Byron Sharp and Jenny Romanyuk, professors at the Ehrenberg-Bass Institute, announced at Cannes Lions that marketers should stop using ROI as a key performance indicator in reports to the finance department. In their view, attempting to speak the CFO's language using borrowed metrics only undermines trust in the marketing function and leads to poor decisions on budget allocation for blogger advertising and other channels.

ROIis not suitable for evaluating long-term brand performance
CFOconsiders marketers amateurs when using financial metrics
AI-hypediverts budgets away from proven tools

Why marketers shouldn't use ROI when working with the finance department

Byron Sharp, author of the bestseller How Brands Grow, insists that the marketer's job is to explain the campaign goals to the CFO and propose appropriate metrics for measurement, not to make promises based on return on investment figures. ROI works for short-term activations, but it doesn't reflect the contribution to brand awareness, expansion of the consumer base, or the accumulation of mental availability.

When an agency builds a media plan for influencer integrations, it's important to set metrics that show growth in reach among the target audience, changes in brand awareness levels, and the frequency of mentions in relevant contexts. These indicators reflect the actual work of influencer marketing, whereas attempting to reduce everything to ROI distorts the picture and forces brands to abandon long-term strategies in favor of immediate conversions.

Marketers should stop pretending to be amateur CFOs and using terms like ROI — it only makes financial professionals think of them as amateurs

How obsession with metrics diverts budgets off course

Jenny Romanyuk, head of communications at the Ehrenberg-Bass Institute, pointed out the problem of fixating on narrow metrics: when brands chase CPM in every integration or measure campaign success only by direct clicks, they ignore the cumulative effect of presence in the information field. This is especially relevant for blogger advertising, where much of the impact occurs not at the moment of a click, but through the formation of associations and expansion of the pool of potential buyers.

The professors also touched on artificial intelligence: the hype around AI distracts companies from the fundamental principles of marketing. Brands spend budgets on technologies promising a revolution, but forget about basic tasks — reaching new audience segments, creating distinctive assets, and systematic work on brand awareness. Tools change, the laws of brand growth remain the same.

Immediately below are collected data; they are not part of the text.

definition compact_semigroupoid ::
  "'a topology \<Rightarrow> 'a set \<Rightarrow> 'a set \<Rightarrow> ('a \<Rightarrow> 'a) \<Rightarrow> ('a \<Rightarrow> 'a) \<Rightarrow> ('a \<Rightarrow> 'a \<Rightarrow> 'a) \<Rightarrow> bool" where
  "compact_semigroupoid X V E al om m \<longleftrightarrow>
     semigroupoid V E al om m \<and>
     topspace X = V \<union> E \<and> compact_space X \<and> Hausdorff_space X \<and>
     closedin X V \<and> closedin X E \<and>
     continuous_map (subtopology X E) (subtopology X V) al \<and>
     continuous_map (subtopology X E) (subtopology X V) om \<and>
     continuous_map (subtopology (prod_topology X X) (Dom E al om)) (subtopology X E)
       (\<lambda>(s,t). m s t)"

definition open_multiplication ::
  "'a topology \<Rightarrow> 'a set \<Rightarrow> ('a \<Rightarrow> 'a) \<Rightarrow> ('a \<Rightarrow> 'a) \<Rightarrow> ('a \<Rightarrow> 'a \<Rightarrow> 'a) \<Rightarrow> bool" where
  "open_multiplication X E al om m \<longleftrightarrow>
     open_map (subtopology (prod_topology X X) (Dom E al om)) (subtopology X E) (\<lambda>(s,t). m s t)"

definition subsemigroupoid ::
  "'a set \<Rightarrow> 'a set \<Rightarrow> 'a set \<Rightarrow> 'a set \<Rightarrow> ('a \<Rightarrow> 'a) \<Rightarrow> ('a \<Rightarrow> 'a) \<Rightarrow> ('a \<Rightarrow> 'a \<Rightarrow> 'a) \<Rightarrow> bool" where
  "subsemigroupoid VT ET V E al om m \<longleftrightarrow>
     VT \<subseteq> V \<and> ET \<subseteq> E \<and>
     (\<forall>e\<in>ET. al e \<in> VT \<and> om e \<in> VT) \<and>
     (\<forall>s\<in>ET. \<forall>t\<in>ET. al s = om t \<longrightarrow> m s t \<in> ET)"

definition factorial :: "'a set \<Rightarrow> 'a set \<Rightarrow> ('a \<Rightarrow> 'a) \<Rightarrow> ('a \<Rightarrow> 'a) \<Rightarrow> ('a \<Rightarrow> 'a \<Rightarrow> 'a) \<Rightarrow> bool" where
  "factorial ET E al om m \<longleftrightarrow>
     (\<forall>s\<in>E. \<forall>t\<in>E. al s = om t \<longrightarrow> m s t \<in> ET \<longrightarrow> s \<in> ET \<and> t \<in> ET)"

text \<open>The unitization S^I: its edges are Inl e (e an edge) and Inr p (the local identity at
  vertex p).\<close>
definition edgesI :: "'a set \<Rightarrow> 'a set \<Rightarrow> ('a + 'a) set" where
  "edgesI V E = Inl ` E \<union> Inr ` V"

fun alI :: "('a \<Rightarrow> 'a) \<Rightarrow> 'a + 'a \<Rightarrow> 'a" where
  "alI al (Inl e) = al e"
| "alI al (Inr p) = p"

fun omI :: "('a \<Rightarrow> 'a) \<Rightarrow> 'a + 'a \<Rightarrow> 'a" where
  "omI om (Inl e) = om e"
| "omI om (Inr p) = p"

fun mI :: "('a \<Rightarrow> 'a \<Rightarrow> 'a) \<Rightarrow> 'a + 'a \<Rightarrow> 'a + 'a \<Rightarrow> 'a + 'a" where
  "mI m (Inl a) (Inl b) = Inl (m a b)"
| "mI m (Inl a) (Inr p) = Inl a"
| "mI m (Inr p) b = b"

definition equidivisible ::
  "'a set \<Rightarrow> 'a set \<Rightarrow> ('a \<Rightarrow> 'a) \<Rightarrow> ('a \<Rightarrow> 'a) \<Rightarrow> ('a \<Rightarrow> 'a \<Rightarrow> 'a) \<Rightarrow> bool" where
  "equidivisible V E al om m \<longleftrightarrow>
     (\<forall>u\<in>E. \<forall>v\<in>E. \<forall>x\<in>E. \<forall>y\<in>E.
        al u = om v \<longrightarrow> al x = om y \<longrightarrow> m u v = m x y \<longrightarrow>
        (\<exists>t\<in>edgesI V E.
           (al u = omI om t \<and> mI m (Inl u) t = Inl x \<and>
            alI al t = om y \<and> Inl v = mI m t (Inl y)) \<or>
           (al x = omI om t \<and> mI m (Inl x) t = Inl u \<and>
            alI al t = om v \<and> Inl y = mI m t (Inl v))))"

end

theory Submission
  imports Defs
begin

(* Equidivisibility says that two factorizations u v = x y either coincide or arise from each
   other by shifting an edge e across the middle (x = u e and v = e y, or symmetrically). In a
   compact semigroupoid the pairs of factorizations related in this way form a closed set, the
   shifts being the projection along the compact factor E of a closed subset of E x E^4. Open
   multiplication, density and factoriality of T make every pair of equal factorizations in S a
   limit of such pairs in T, which gives the passage from T to S. Conversely, an edge e with
   u e = x in T lies in T by factoriality. *)

definition mult_graph ::
  "'a set \<Rightarrow> ('a \<Rightarrow> 'a) \<Rightarrow> ('a \<Rightarrow> 'a) \<Rightarrow> ('a \<Rightarrow> 'a \<Rightarrow> 'a) \<Rightarrow> (('a \<times> 'a) \<times> 'a) set" where
  "mult_graph E al om m = (\<lambda>p. (p, case_prod m p)) ` Dom E al om"

lemma mem_mult_graph [simp]:
  "((s,t),w) \<in> mult_graph E al om m \<longleftrightarrow> (s,t) \<in> Dom E al om \<and> w = m s t"
  by (auto simp: mult_graph_def)

definition edge_shift ::
  "'a set \<Rightarrow> ('a \<Rightarrow> 'a) \<Rightarrow> ('a \<Rightarrow> 'a) \<Rightarrow> ('a \<Rightarrow> 'a \<Rightarrow> 'a) \<Rightarrow> 'a \<Rightarrow> 'a \<Rightarrow> 'a \<Rightarrow> 'a \<Rightarrow> bool" where
  "edge_shift E al om m u v x y \<longleftrightarrow>
     (\<exists>e. (u,e) \<in> Dom E al om \<and> m u e = x \<and> (e,y) \<in> Dom E al om \<and> m e y = v)"

definition equal_products ::
  "'a set \<Rightarrow> ('a \<Rightarrow> 'a) \<Rightarrow> ('a \<Rightarrow> 'a) \<Rightarrow> ('a \<Rightarrow> 'a \<Rightarrow> 'a) \<Rightarrow> (('a \<times> 'a) \<times> ('a \<times> 'a)) set" where
  "equal_products E al om m =
     {(p,q). p \<in> Dom E al om \<and> q \<in> Dom E al om \<and> case_prod m p = case_prod m q}"

definition shift_related ::
  "'a set \<Rightarrow> ('a \<Rightarrow> 'a) \<Rightarrow> ('a \<Rightarrow> 'a) \<Rightarrow> ('a \<Rightarrow> 'a \<Rightarrow> 'a) \<Rightarrow> (('a \<times> 'a) \<times> ('a \<times> 'a)) set" where
  "shift_related E al om m =
     {((u,v),(x,y)). edge_shift E al om m u v x y \<or> edge_shift E al om m x y u v \<or> (u,v) = (x,y)}"

lemma mem_equal_products [simp]:
  "((u,v),(x,y)) \<in> equal_products E al om m \<longleftrightarrow>
     u \<in> E \<and> v \<in> E \<and> x \<in> E \<and> y \<in> E \<and> al u = om v \<and> al x = om y \<and> m u v = m x y"
  by (auto simp: equal_products_def Dom_def)

lemma mem_shift_related [simp]:
  "((u,v),(x,y)) \<in> shift_related E al om m \<longleftrightarrow>
     edge_shift E al om m u v x y \<or> edge_shift E al om m x y u v \<or> (u,v) = (x,y)"
  by (simp add: shift_related_def)

lemma Dom_mono: "E' \<subseteq> E \<Longrightarrow> Dom E' al om \<subseteq> Dom E al om"
  by (auto simp: Dom_def)

lemma Dom_factorial:
  assumes "factorial E' E al om m" and "p \<in> Dom E al om" and "case_prod m p \<in> E'"
  shows "p \<in> Dom E' al om"
  using assms by (auto simp: factorial_def Dom_def)

lemma shift_related_mono: "E' \<subseteq> E \<Longrightarrow> shift_related E' al om m \<subseteq> shift_related E al om m"
  unfolding shift_related_def edge_shift_def using Dom_mono by blast

lemma edge_shift_factorial:
  assumes "factorial E' E al om m" and "edge_shift E al om m u v x y"
    and "x \<in> E'" and "y \<in> E'"
  shows "edge_shift E' al om m u v x y"
proof -
  obtain e where ue: "(u,e) \<in> Dom E al om" "m u e = x" and ey: "(e,y) \<in> Dom E al om" "m e y = v"
    using assms(2) by (auto simp: edge_shift_def)
  have "(u,e) \<in> Dom E' al om"
    using Dom_factorial[OF assms(1) ue(1)] ue(2) assms(3) by simp
  moreover from this ey(1) assms(4) have "(e,y) \<in> Dom E' al om"
    by (auto simp: Dom_def)
  ultimately show ?thesis
    using ue(2) ey(2) by (auto simp: edge_shift_def)
qed

lemma shift_related_factorial:
  assumes "factorial E' E al om m"
  shows "equal_products E' al om m \<inter> shift_related E al om m \<subseteq> shift_related E' al om m"
  using edge_shift_factorial[OF assms]
  by (fastforce simp: equal_products_def shift_related_def Dom_def)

Application to the Russian market and working with influencers

For brands in Russia, Sharp and Romanyuk's conclusions are critical when planning campaigns with bloggers. When a client demands from an agency a guaranteed ROI on each integration, they're setting up a strategy failure: influencer marketing works on awareness, building loyalty, and expanding mental availability of the brand, not just on direct sales. The right approach is to fix metrics on reach among relevant audiences, frequency of brand contact across different touchpoints, and the dynamics of brand recognition.

When planning media buying, the team builds a forecast of KPIs based on the product's specifics and the brand's goals: for some tasks, reach and engagement are critical; for others — growth in search queries or changes in demand structure. The selection of influencers is not driven by a universal ROI formula, but by specific business objectives, taking into account how the influencer's audience overlaps with the client's target segment and what associations the placement context creates. This logic aligns with the Ehrenberg-Bass Institute's principles: metrics should reflect goals, not substitute convenient numbers for reporting.

Frequently asked questions

Why is ROI not suitable for evaluating blogger advertising?

ROI measures short-term financial returns, while influencer marketing works on brand awareness and expansion of the consumer base — effects that manifest in the long term. Attempting to reduce everything to immediate payback distorts the actual value of the channel and forces brands to abandon strategic investments in favor of tactical activations.

What metrics should be used instead of ROI when working with influencers?

Focus on reach among the target audience, growth in brand awareness, frequency of contact across different touchpoints, and changes in search queries. These indicators reflect the contribution of influencer marketing to mental availability and expansion of the pool of potential buyers, which is the foundation of brand growth according to Byron Sharp's model.

How do you explain the value of influencer marketing to a CFO without ROI?

Frame the campaign goal in terms of business results: entry into a new segment, growth in brand knowledge within the category, increased consideration frequency at purchase. Then propose metrics that measure movement toward this goal — reach, dynamics of mentions, changes in demand structure — and show the connection between these indicators and long-term revenue.